Write out again only the lines that run from the start of the entries to the line containing "t) = (\<Sum>k\<in>keys", both included.

Source information Block Start

lemma foldr_rho_sum: "foldr rho u (sum f A) = (\<Sum>i\<in>A. foldr rho u (f i))"
  by (induction A rule: infinite_finite_induct) (auto simp: foldr_rho_add)

lemma foldr_rho_diff: "foldr rho u (f - g) = foldr rho u f - foldr rho u g"
  by (metis add_diff_cancel diff_add_cancel foldr_rho_add)

lemma rho_sum: "rho x (sum f A) = (\<Sum>i\<in>A. rho x (f i))"
  using foldr_rho_sum[of "[x]"] by simp

definition W_map :: "tens \<Rightarrow> ('v, complex) mpoly" where
  "W_map t = (\<Sum>u\<in>keys t. Const (lookup t u) * foldr rho u w)"

lemma W_map_add: "W_map (a + b) = W_map a + W_map b"
  unfolding W_map_def by (rule setsum_keys_plus_distrib) (simp_all add: single_add distrib_right)

lemma W_map_smul: "W_map (smul c t) = Const c * W_map t"
proof (cases "c = 0")
  case False
  then show ?thesis
    unfolding W_map_def keys_smul_nonzero[OF False]
    by (simp add: sum_distrib_left Const_mult mult.assoc)
qed (simp add: W_map_def)

lemma W_map_zero [simp]: "W_map 0 = 0"
  by (simp add: W_map_def)

lemma W_map_sum: "W_map (sum f A) = (\<Sum>i\<in>A. W_map (f i))"
  by (induction A rule: infinite_finite_induct) (auto simp: W_map_add)

lemma W_map_diff: "W_map (a - b) = W_map a - W_map b"
  by (metis W_map_add add_diff_cancel diff_add_cancel)

lemma W_map_wd [simp]: "W_map (wd u) = foldr rho u w"
  by (simp add: W_map_def wd_def)

lemma W_map_lmult: "W_map (lmult x t) = rho x (W_map t)"
proof -
  have "W_map (lmult x t) = (\<Sum>u\<in>keys t. Const (lookup t u) * rho x (foldr rho u w))"
    unfolding lmult_eq_sum by (simp add: W_map_sum W_map_smul)
  also have "\<dots> = rho x (W_map t)"
    unfolding W_map_def by (simp add: rho_sum rho_Const)
  finally show ?thesis .
qed

lemma W_map_act: "W_map (act g t) = (\<Sum>k\<in>keys g. Const (lookup g k) * rho k (W_map t))"
  by (simp add: act_eq_sum_lmult W_map_sum W_map_smul W_map_lmult)

lemma W_map_Wker: "t \<in> Wker phi \<Longrightarrow> W_map t = 0"
proof -
  have "subspace_T {t. W_map t = 0}"
    unfolding subspace_T_def by (simp add: W_map_add W_map_smul)
  moreover have "W_map r = 0" if "r \<in> Wrels phi" for r
    using that unfolding Wrels_def
  proof (elim UnE CollectE exE conjE)
    fix u v x y
    assume r: "r = wd (u @ [x, y] @ v) - wd (u @ [y, x] @ v) - ins u (br x y) v"
    have "W_map (ins u (br x y) v)
        = foldr rho u (\<Sum>k\<in>keys (br x y). Const (lookup (br x y) k) * rho k (foldr rho v w))"
      by (simp add: ins_def W_map_sum W_map_smul foldr_rho_sum foldr_rho_Const)
    then show "W_map r = 0"
      by (simp add: r W_map_diff foldr_rho_diff flip: rho_bracket)
  next
    fix u p
    assume "r = wd (u @ [p]) - smul (phi p) (wd u)" and "in_p p"
    then show "W_map r = 0"
      by (simp add: W_map_diff W_map_smul rho_eigen foldr_rho_Const)
  qed
  ultimately show "t \<in> Wker phi \<Longrightarrow> W_map t = 0"
    using Wker_minimal by blast
qed

lemma W_submodule_kernel: "W_submodule phi {t. W_map t = 0}"
  unfolding W_submodule_def subspace_T_def
  by (auto simp: W_map_add W_map_smul W_map_act W_map_Wker)

end

section \<open>A polynomial model and the case \<open>|S\<^sup>\<phi>| \<le> 1\<close>\<close>

datatype var = Yv int | Zv int

definition L_field :: "int \<Rightarrow> var \<Rightarrow> (var, complex) mpoly" where
  "L_field n v = (case v of
      Yv i \<Rightarrow> of_int (n - i) * Var (Yv (i - n))
    | Zv i \<Rightarrow> of_int (n - i) * Var (Zv (i - n)))"

definition H_field :: "int \<Rightarrow> var \<Rightarrow> (var, complex) mpoly" where
  "H_field m v = (if v = Yv m then 1 else 0)"

text \<open>Forced by \<open>[L\<^sub>n, H\<^sub>m] = m H\<^sub>m\<^sub>+\<^sub>n\<close>: its derivative in \<open>Y\<^sub>m\<close> must be
  \<open>-m \<phi>(H\<^sub>m\<^sub>+\<^sub>n)\<close>.\<close>
definition ell :: "(gb \<Rightarrow> complex) \<Rightarrow> int \<Rightarrow> (var, complex) mpoly" where
  "ell phi n = (\<Sum>s\<in>S_phi phi. of_int (n - s) * Const (phi (H s)) * Var (Yv (s - n)))"

fun model :: "(gb \<Rightarrow> complex) \<Rightarrow> gb \<Rightarrow> (var, complex) mpoly \<Rightarrow> (var, complex) mpoly" where
  "model phi (L n) f = derivation (L_field n) f + ell phi n * f"
| "model phi (H m) f = derivation (H_field m) f + Const (phi (H m)) * f"
| "model phi (I m) f = 0"
| "model phi (J m) f = 0"

lemma derivation_H_field [simp]: "derivation \<delta> (H_field m v) = 0"
  by (simp add: H_field_def)

lemma L_field_bracket:
  "derivation (L_field n) (L_field m v) - derivation (L_field m) (L_field n v) = of_int (m - n) * L_field (m + n) v"
  by (cases v) (simp_all add: L_field_def derivation_mult derivation_diff algebra_simps)

lemma ell_bracket:
  "derivation (L_field n) (ell phi m) - derivation (L_field m) (ell phi n) = of_int (m - n) * ell phi (m + n)"
  unfolding ell_def derivation_sum sum_distrib_left sum_subtractf[symmetric]
  by (rule sum.cong[OF refl])
    (simp add: L_field_def derivation_mult derivation_diff algebra_simps)

lemma L_H_field_bracket:
  "derivation (L_field n) (H_field m v) - derivation (H_field m) (L_field n v) = of_int m * H_field (m + n) v"
  by (cases v) (auto simp: L_field_def H_field_def derivation_mult derivation_diff)

lemma H_field_ell:
  assumes "finite (S_phi phi)"
  shows "derivation (H_field m) (ell phi n) = - of_int m * Const (phi (H (m + n)))"
proof -
  have "derivation (H_field m) (ell phi n)
      = (\<Sum>s\<in>S_phi phi. if s = m + n then - of_int m * Const (phi (H (m + n))) else 0)"
    unfolding ell_def derivation_sum
    by (rule sum.cong[OF refl]) (auto simp: derivation_mult derivation_diff derivation_uminus H_field_def)
  also have "\<dots> = - of_int m * Const (phi (H (m + n)))"
    using assms by (auto simp: S_phi_def)
  finally show ?thesis .
qed

lemma model_L_L:
  "model phi (L n) (model phi (L m) f) - model phi (L m) (model phi (L n) f)
     = of_int (m - n) * model phi (L (m + n)) f"
proof -
  have "model phi (L n) (model phi (L m) f) - model phi (L m) (model phi (L n) f)
      = (derivation (L_field n) (derivation (L_field m) f) - derivation (L_field m) (derivation (L_field n) f))
        + (derivation (L_field n) (ell phi m) - derivation (L_field m) (ell phi n)) * f"
    by (simp add: derivation_add derivation_mult algebra_simps)
  also have "\<dots> = of_int (m - n) * derivation (L_field (m + n)) f + of_int (m - n) * ell phi (m + n) * f"
    by (simp only: derivation_commutator L_field_bracket derivation_scale_field ell_bracket)
  finally show ?thesis
    by (simp add: algebra_simps)
qed

lemma model_L_H:
  assumes "finite (S_phi phi)"
  shows "model phi (L n) (model phi (H m) f) - model phi (H m) (model phi (L n) f)
     = of_int m * model phi (H (m + n)) f"
proof -
  have "model phi (L n) (model phi (H m) f) - model phi (H m) (model phi (L n) f)
      = (derivation (L_field n) (derivation (H_field m) f) - derivation (H_field m) (derivation (L_field n) f))
        - derivation (H_field m) (ell phi n) * f"
    by (simp add: derivation_add derivation_mult algebra_simps)
  also have "\<dots> = of_int m * derivation (H_field (m + n)) f + of_int m * Const (phi (H (m + n))) * f"
    by (simp only: derivation_commutator L_H_field_bracket derivation_scale_field H_field_ell[OF assms])
      simp
  finally show ?thesis
    by (simp add: algebra_simps)
qed

lemma model_H_H: "model phi (H m) (model phi (H k) f) - model phi (H k) (model phi (H m) f) = 0"
proof -
  have "model phi (H m) (model phi (H k) f) - model phi (H k) (model phi (H m) f)
      = derivation (H_field m) (derivation (H_field k) f) - derivation (H_field k) (derivation (H_field m) f)"
    by (simp add: derivation_add derivation_mult algebra_simps)
  also have "\<dots> = 0"
    unfolding derivation_commutator by (simp add: derivation_H_field)
  finally show ?thesis .
qed
(* Let $\mathcal G$ be a groupoid (standing conventions), let $M,N\in\mathbb N_+$, and let $(\epsilon_n)$ be a decreasing sequence of positive numbers with $\epsilon_n\to0$. Suppose $\mathcal G$ admits a Følner sequence $\mathcal S=(S_n)$ in which every $S_n$ is $(M,\epsilon_n)$-good and has $N$-controlled height. Then for every clopen $A\subseteq\mathcal G^{(0)}$, $$\frac1N\sup_{\mu\in M(\mathcal G)}\mu(A)\le\bar D^-_{\mathcal S}(A)\le\bar D^+_{\mathcal S}(A)\le\sup_{\mu\in M(\mathcal G)}\mu(A).$$ In particular, if $N=1$ then $\sup_{\mu\in M(\mathcal G)}\mu(A)=\bar D^-_{\mathcal S}(A)=\bar D^+_{\mathcal S}(A)$.
   Context: Standing conventions: a groupoid is a $\sigma$-compact, locally compact, Hausdorff, étale, ample groupoid $\mathcal G$ with compact unit space $\mathcal G^{(0)}$. For $A,B\subseteq\mathcal G$, $AB$ denotes composable products and $Au=\{a\in A:s(a)=u\}$. A multisection is a finite family $\{C_{i,j}:i,j\in F\}$ of bisections with $C_{i,j}C_{j,k}=C_{i,k}$ and pairwise disjoint levels $C_{i,i}\subseteq\mathcal G^{(0)}$. $M(\mathcal G)$ is the set of $\mathcal G$-invariant Borel probability measures on $\mathcal G^{(0)}$; conventions $\inf_\emptyset=+\infty$, $\sup_\emptyset=0$. A normal set is a compact open $S\subseteq\mathcal G$ together with compact open multisections $\{C^l_{i,j}:i,j\in F_l\}$, $l=1,\dots,m$, and indices $i_l\in F_l$ with $S=\bigcup_{l=1}^m\bigsqcup_{i\in F_l}C^l_{i,i_l}$ and $\mathcal G^{(0)}=\bigsqcup_{l=1}^mC^l_{i_l,i_l}$. A Følner sequence is a sequence $(S_n)$ of normal sets with $\sup_{u}|KS_nu\setminus S_nu|/|S_nu|\to0$ for every compact $K$. Height $h(S)=\min_l|F_l|$; $N$-controlled height means $|F_l|\le N h(S)$ for all $l$. $S$ is $(M,\epsilon)$-good if there are injections $f_l:\{0,\dots,h(S)-1\}\to F_l$ with $f_l(0)=i_l$ such that (a) $\inf_{\mu\in M(\mathcal G)}\mu(\bigcup_{l=1}^mC^l_{f_l(k),f_l(k)})\ge1-\epsilon$ for all $0\le k\le h(S)-1$, and (b) there is $L\subseteq\{1,\dots,m\}$ with $\inf_{\mu\in M(\mathcal G)}\mu(\bigsqcup_{l\in L}C^l_{i_l,i_l})>1-\epsilon$ such that for each $k$ the family $\{C^l_{f_l(k),f_l(k)}:l\in L\}$ is a union of at most $M$ subfamilies of pairwise disjoint sets. Densities: $\bar D^+_{\mathcal S}(A)=\limsup_{n}\sup_{u\in\mathcal G^{(0)}}\frac{1}{|S_nu|}\sum_{\gamma\in S_nu}1_A(r(\gamma))$ and $\bar D^-_{\mathcal S}(A)=\liminf_{n}\sup_{u\in\mathcal G^{(0)}}\frac{1}{|S_nu|}\sum_{\gamma\in S_nu}1_A(r(\gamma))$. *)

theory Defs
  imports "HOL-Analysis.Analysis" "HOL-Probability.Probability"
begin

Source information Block End

> [Problem solution]:
lemma foldr_rho_sum: "foldr rho u (sum f A) = (\<Sum>i\<in>A. foldr rho u (f i))"
  by (induction A rule: infinite_finite_induct) (auto simp: foldr_rho_add)

lemma foldr_rho_diff: "foldr rho u (f - g) = foldr rho u f - foldr rho u g"
  by (metis add_diff_cancel diff_add_cancel foldr_rho_add)

lemma rho_sum: "rho x (sum f A) = (\<Sum>i\<in>A. rho x (f i))"
  using foldr_rho_sum[of "[x]"] by simp

definition W_map :: "tens \<Rightarrow> ('v, complex) mpoly" where
  "W_map t = (\<Sum>u\<in>keys t. Const (lookup t u) * foldr rho u w)"

lemma W_map_add: "W_map (a + b) = W_map a + W_map b"
  unfolding W_map_def by (rule setsum_keys_plus_distrib) (simp_all add: single_add distrib_right)

lemma W_map_smul: "W_map (smul c t) = Const c * W_map t"
proof (cases "c = 0")
  case False
  then show ?thesis
    unfolding W_map_def keys_smul_nonzero[OF False]
    by (simp add: sum_distrib_left Const_mult mult.assoc)
qed (simp add: W_map_def)

lemma W_map_zero [simp]: "W_map 0 = 0"
  by (simp add: W_map_def)

lemma W_map_sum: "W_map (sum f A) = (\<Sum>i\<in>A. W_map (f i))"
  by (induction A rule: infinite_finite_induct) (auto simp: W_map_add)

lemma W_map_diff: "W_map (a - b) = W_map a - W_map b"
  by (metis W_map_add add_diff_cancel diff_add_cancel)

lemma W_map_wd [simp]: "W_map (wd u) = foldr rho u w"
  by (simp add: W_map_def wd_def)

lemma W_map_lmult: "W_map (lmult x t) = rho x (W_map t)"
proof -
  have "W_map (lmult x t) = (\<Sum>u\<in>keys t. Const (lookup t u) * rho x (foldr rho u w))"
    unfolding lmult_eq_sum by (simp add: W_map_sum W_map_smul)
  also have "\<dots> = rho x (W_map t)"
    unfolding W_map_def by (simp add: rho_sum rho_Const)
  finally show ?thesis .
qed

lemma W_map_act: "W_map (act g t) = (\<Sum>k\<in>keys g. Const (lookup g k) * rho k (W_map t))"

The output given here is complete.